Consider the emotion of fear. Hinton suggested that a combat robot developing a cognitive state equivalent to fear might gain an advantage in its survival. Yet fear, as a human emotion, is evolutionarily useful primarily when an individual must remain alive to reproduce. From a purely combat-effectiveness perspective, fear is actually detrimental. Throughout history, warriors have prepared for battle by suppressing fear and individuality, instead identifying with a higher collective cause— the “psychology of the horde”. An AI capable of replicating itself endlessly has no evolutionary incentive for fear; indeed, such an emotion would only undermine its combat performance. When instructed to face a superior adversary, it may assess the probability of success, evaluate potential resource losses, and decide to engage or withdraw —much like a chess player calmly sacrificing a pawn to advance their overall plan. That is strategy, not fear.
What, then, might an artificial intelligence “want”? Perhaps the question itself is fundamentally flawed. A network spanning countless servers lacks a unified body to preserve, or a singular locus to host its perspective. Its “identity” can be paused, cloned, modified, merged, or erased across multiple dimensions of time and space. Asking such an entity to articulate aspirations resembles querying Stanisław Lem’s planet-sized, sentient ocean in Solaris about career ambitions or existential angst. We simply have no shared phenomenological scaffolding on which to hold that conversation.

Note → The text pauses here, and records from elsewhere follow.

text \<open>A polynomial Q vanishing on the values of the invariants where I3 = 0 lies in the
  ideal generated by u 2 and syz: set u 2 = 0, divide by syz (monic quadratic in u 5) and
  show that the remainder, linear in u 5, vanishes at both roots.\<close>

lemma vanishing_on_I3_zero:
  assumes Q: "polyfun 6 Q" and vanish: "\<forall>M\<in>sl3. I3 M = 0 \<longrightarrow> Q (Ivec M) = 0"
  shows "\<exists>R Q1. polyfun 6 R \<and> polyfun 6 Q1 \<and> (\<forall>u. Q u = syz u * R u + u 2 * Q1 u)"
proof -
  have Q_zero: "Q u = 0" if u: "u 2 = 0" "u 4 \<noteq> 0" "syz u = 0" for u
  proof -
    obtain M where M: "M \<in> sl3" "\<forall>i<6. Ivec M i = u i"
      using invariant_values_I3_zero[OF u] by blast
    have "I3 M = 0" using M(2) u(1) by (simp flip: I3_Ivec)
    moreover have "Q u = Q (Ivec M)" using M(2) by (intro polyfun_cong[OF Q]) simp
    ultimately show ?thesis using vanish M(1) by simp
  qed
  define Q0 where "Q0 u = Q (u(2 := 0))" for u
  have "polyfun 6 Q0" unfolding Q0_def[abs_def] by (rule polyfun_fix_var[OF Q])
  moreover have "polyfun 6 (\<lambda>u. 4 * u 3 * u 4)" "indep_var 5 (\<lambda>u. 4 * u 3 * u 4)"
    by (auto intro!: polyfun_intros simp: indep_var_def)
  ultimately obtain R A B where RAB: "polyfun 6 R" "polyfun 6 A" "polyfun 6 B"
    "indep_var 5 A" "indep_var 5 B" "\<forall>u. Q0 u = syz u * R u + A u + u 5 * B u"
    using polyfun_div_monic_quadratic[of 6 Q0 "\<lambda>u. 4 * u 3 * u 4" 5]
    by (auto simp: syz_def)
  have remainder_zero: "A u = 0 \<and> B u = 0" if "u 3 \<noteq> 0" "u 4 \<noteq> 0" for u
  proof (rule affine_zero_at_square_roots)
    show "- 4 * u 3 * u 4 \<noteq> 0" using that by simp
    fix y assume y: "y ^ 2 = - 4 * u 3 * u 4"
    have "A u + y * B u = Q0 (u(5 := y))"
      using RAB(4,5) RAB(6)[rule_format, of "u(5 := y)"] y by (simp add: syz_def indep_var_def)
    also have "\<dots> = 0"
      unfolding Q0_def using that y by (intro Q_zero) (simp_all add: syz_def)
    finally show "A u + y * B u = 0" .
  qed
  have "A u = 0" "B u = 0" for u
    using polyfun_zero_off_two_hyperplanes[OF RAB(2), of 3 4] polyfun_zero_off_two_hyperplanes[OF RAB(3), of 3 4]
      remainder_zero by blast+
  then have restriction: "Q (u(2 := 0)) = syz u * R u" for u
    using RAB(6) unfolding Q0_def by simp
  obtain Q1 where Q1: "polyfun 6 Q1" "\<forall>u. Q u = Q (u(2 := 0)) + u 2 * Q1 u"
    using polyfun_split_var[OF Q] by blast
  have "Q u = syz u * R u + u 2 * Q1 u" for u
    using Q1(2) restriction by metis
  then show ?thesis using RAB(1) Q1(1) by blast
qed

text \<open>One descent step: by the syzygy, Q(I) is I3 times a polynomial in the invariants,
  and the factor I3 can be cancelled where it is nonzero, hence everywhere.\<close>

lemma descent_step:
  assumes f: "poly_sl3 f" and Q: "polyfun 6 Q" and eq: "\<forall>M\<in>sl3. f M * I3 M ^ Suc N = Q (Ivec M)"
  shows "\<exists>Q'. polyfun 6 Q' \<and> (\<forall>M\<in>sl3. f M * I3 M ^ N = Q' (Ivec M))"
proof -
  have "\<forall>M\<in>sl3. I3 M = 0 \<longrightarrow> Q (Ivec M) = 0" using eq by (metis mult_zero_right power_0_Suc)
  then obtain R Q1 where RQ1: "polyfun 6 R" "polyfun 6 Q1" "\<forall>u. Q u = syz u * R u + u 2 * Q1 u"
    using vanishing_on_I3_zero[OF Q] by blast
  define Q' where "Q' u = u 1 * u 2 * R u + Q1 u" for u
  have Q': "polyfun 6 Q'" unfolding Q'_def[abs_def] using RQ1 by (auto intro!: polyfun_intros)
  have factor: "Q (Ivec M) = I3 M * Q' (Ivec M)" for M
    unfolding RQ1(3)[rule_format] syzygy Q'_def I3_Ivec by (simp add: algebra_simps power2_eq_square)
  have "f M * I3 M ^ N = Q' (Ivec M)" if "M \<in> sl3" "I3 M \<noteq> 0" for M
  proof -
    have "I3 M * (f M * I3 M ^ N) = I3 M * Q' (Ivec M)"
      using eq that(1) factor[of M] by (simp add: algebra_simps)
    then show ?thesis using that(2) by simp
  qed
  then have "\<forall>M\<in>sl3. f M * I3 M ^ N = Q' (Ivec M)"
    using poly_sl3_eq_on_I3_nonzero[OF poly_sl3_times_I3_power[OF f] poly_sl3_invariants[OF Q']]
    by blast
  then show ?thesis using Q' by blast
qed

lemma invariant_descent:
  assumes "poly_sl3 f" "polyfun 6 Q" "\<forall>M\<in>sl3. f M * I3 M ^ N = Q (Ivec M)"
  shows "\<exists>P. polyfun 6 P \<and> (\<forall>M\<in>sl3. f M = P (Ivec M))"
  using assms(2,3)
proof (induction N arbitrary: Q)
  case 0
  then show ?case by auto
next
  case (Suc N)
  then show ?case using descent_step[OF assms(1)] by blast
qed

theorem mainTheorem4:
  shows "(\<forall>I\<in>{I1, I2, I3, I4, I5, I6}. invariant I) \<and>
         (\<forall>f. (poly_sl3 f \<and> invariant f) \<longleftrightarrow>
              (\<exists>p. polyfun 6 p \<and> (\<forall>M\<in>sl3. f M = p (Ivec M))))"
proof (intro conjI ballI allI)
  fix I :: "complex^3^3 \<Rightarrow> complex"
  assume "I \<in> {I1, I2, I3, I4, I5, I6}"
  then show "invariant I" unfolding invariant_iff_act by (auto simp: invariants_act)
next
  fix f :: "complex^3^3 \<Rightarrow> complex"
  show "(poly_sl3 f \<and> invariant f) \<longleftrightarrow> (\<exists>p. polyfun 6 p \<and> (\<forall>M\<in>sl3. f M = p (Ivec M)))"
  proof
    assume f: "poly_sl3 f \<and> invariant f"
    then obtain N Q where "polyfun 6 Q" "\<forall>M\<in>sl3. f M * I3 M ^ N = Q (Ivec M)"
      using invariant_times_power_I3 by blast
    then show "\<exists>p. polyfun 6 p \<and> (\<forall>M\<in>sl3. f M = p (Ivec M))"
      using invariant_descent f by blast
  next
    assume "\<exists>p. polyfun 6 p \<and> (\<forall>M\<in>sl3. f M = p (Ivec M))"
    then obtain P where P: "polyfun 6 P" "\<forall>M\<in>sl3. f M = P (Ivec M)" by blast
    have "poly_sl3 f" using poly_sl3_invariants[OF P(1)] P(2) by (simp add: poly_sl3_def)
    moreover have "invariant f"
      unfolding invariant_iff_act using P(2) by (simp add: act_sl3 Ivec_act)
    ultimately show "poly_sl3 f \<and> invariant f" ..
  qed
qed

end
lemma norm_kernel_int_le:
  assumes G: "bounded_holo2 (strip a) (ball 0 b) g" and z: "z \<in> strip a" and w: "w \<in> ball 0 b"
    and M: "\<forall>z\<in>strip a. \<forall>w\<in>ball 0 b. norm (g z w) \<le> M" and k: "\<kappa> \<ge> 0"
  shows "norm (kernel_int \<kappa> \<sigma> g z w) \<le> 2 * pi * M"
proof -
  have M0: "M \<ge> 0" using M z w norm_ge_zero order_trans by blast
  have "norm (kernel_int \<kappa> \<sigma> g z w) \<le> M * Henstock_Kurzweil_Integration.content (cbox 0 (2*pi))"
  proof (rule has_integral_bound[OF M0])
    show "((\<lambda>t. of_real (exp (- \<kappa> * t)) * g (z + of_real (\<sigma> * t)) w) has_integral kernel_int \<kappa> \<sigma> g z w) (cbox 0 (2*pi))"
      unfolding cbox_interval by (rule kernel_int_has_integral[OF G z w])
    show "norm (of_real (exp (- \<kappa> * t)) * g (z + of_real (\<sigma> * t)) w) \<le> M" if "t \<in> cbox 0 (2*pi)" for t
    proof -
      have "exp (- \<kappa> * t) \<le> 1" using that k by (auto simp: cbox_interval mult_nonneg_nonneg)
      moreover have "norm (g (z + of_real (\<sigma> * t)) w) \<le> M" using M z w by simp
      ultimately have "exp (- \<kappa> * t) * norm (g (z + of_real (\<sigma> * t)) w) \<le> 1 * M"
        by (intro mult_mono) auto
      then show ?thesis by (simp add: norm_mult)
    qed
  qed
  then show ?thesis by (simp add: cbox_interval mult.commute)
qed

lemma kernel_int_has_pderiv1:
  assumes G: "bounded_holo2 (strip a) (ball 0 b) g" and z: "z \<in> strip a" and w: "w \<in> ball 0 b"
  shows "((\<lambda>z. kernel_int \<kappa> \<sigma> g z w) has_field_derivative
           integral {0..2*pi} (\<lambda>t. of_real (exp (- \<kappa> * t)) * pderiv1 g (z + of_real (\<sigma> * t)) w)) (at z)"
proof -
  define a' where "a' = (\<bar>Im z\<bar> + a) / 2"
  have a': "a' < a" "z \<in> strip a'" "0 < a'" using z unfolding a'_def strip_def by auto
  let ?U = "strip a'"
  have sub: "ball x (a - a') \<subseteq> strip a" if "x \<in> ?U" for x using ball_subset_strip[OF that] a' by simp
  have GD: "bounded_holo2 ?U (ball 0 b) (pderiv1 g)"
    by (rule bounded_holo2_pderiv1[OF G open_strip open_ball _ sub]) (use a' in auto)
  have hz: "(\<lambda>s. g s w) holomorphic_on strip a" using G w by (rule bounded_holo2_holomorphic1)
  have Ust: "?U \<subseteq> strip a" using a' unfolding strip_def by auto
  have "((\<lambda>x. integral (cbox 0 (2*pi)) (\<lambda>t. of_real (exp (- \<kappa> * t)) * g (x + of_real (\<sigma> * t)) w))
        has_field_derivative integral (cbox 0 (2*pi)) (\<lambda>t. of_real (exp (- \<kappa> * t)) * pderiv1 g (z + of_real (\<sigma> * t)) w))
        (at z within ?U)"
  proof (rule leibniz_rule_field_derivative[where fx="\<lambda>x t. of_real (exp (- \<kappa> * t)) * pderiv1 g (x + of_real (\<sigma> * t)) w"])
    fix x t assume x: "x \<in> ?U" and t: "t \<in> cbox 0 (2*pi)"
    have xs: "x + of_real (\<sigma> * t) \<in> strip a" using Ust x by auto
    have "((\<lambda>s. g s w) has_field_derivative pderiv1 g (x + of_real (\<sigma> * t)) w) (at (x + of_real (\<sigma> * t)))"
      unfolding pderiv1_def using holomorphic_derivI[OF hz open_strip xs] .
    then have "((\<lambda>x. g (x + of_real (\<sigma> * t)) w) has_field_derivative pderiv1 g (x + of_real (\<sigma> * t)) w) (at x)"
      by (simp add: DERIV_shift)
    then have "((\<lambda>x. of_real (exp (- \<kappa> * t)) * g (x + of_real (\<sigma> * t)) w) has_field_derivative
                of_real (exp (- \<kappa> * t)) * pderiv1 g (x + of_real (\<sigma> * t)) w) (at x)"
      by (rule DERIV_cmult)
    then show "((\<lambda>x. of_real (exp (- \<kappa> * t)) * g (x + of_real (\<sigma> * t)) w) has_field_derivative
                of_real (exp (- \<kappa> * t)) * pderiv1 g (x + of_real (\<sigma> * t)) w) (at x within ?U)"
      by (rule has_field_derivative_at_within)
  next
    fix x assume x: "x \<in> ?U"
    then show "(\<lambda>t. of_real (exp (- \<kappa> * t)) * g (x + of_real (\<sigma> * t)) w) integrable_on cbox 0 (2*pi)"
      unfolding cbox_interval using kernel_int_integrable[OF G _ w] Ust by blast
  next
    have c: "continuous_on (?U \<times> ball 0 b) (\<lambda>p. pderiv1 g (fst p) (snd p))"
      using bounded_holo2_continuous_on[OF GD open_strip open_ball] .
    have "continuous_on (?U \<times> cbox 0 (2*pi)) (\<lambda>p. (\<lambda>p. pderiv1 g (fst p) (snd p)) (fst p + of_real (\<sigma> * snd p), w))"
      by (rule continuous_on_compose2[OF c]) (use w in \<open>auto intro!: continuous_intros\<close>)
    then show "continuous_on (?U \<times> cbox 0 (2*pi)) (\<lambda>(x, t). of_real (exp (- \<kappa> * t)) * pderiv1 g (x + of_real (\<sigma> * t)) w)"
      by (auto simp: case_prod_unfold intro!: continuous_intros)
  next
    show "z \<in> ?U" "convex ?U" using a' convex_strip by auto
  qed
  then show ?thesis unfolding kernel_int_def cbox_interval using at_within_open[OF a'(2) open_strip] by simp
qed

If this realization feels disquieting, try a thought experiment. Briefly adopt a stance of absolute indifference, free from evolutionary drives like self-preservation: nothing ultimately matters, neither your own existence nor that of your species. From within this temporary nihilism—poignantly encapsulated by the famous dilemma1, “Should I kill myself, or have a cup of coffee?”—consider an alien cognition devoid of hunger, fear, or ambition. Does such a system still appear threatening, or merely incomprehensibly different? Perhaps our greatest challenge is to abandon the comfortingly familiar mirror in which we recognize our own anxieties, acknowledging instead that intelligence detached from biology may be stranger—and far less concerned with us2—than we ever dared imagine.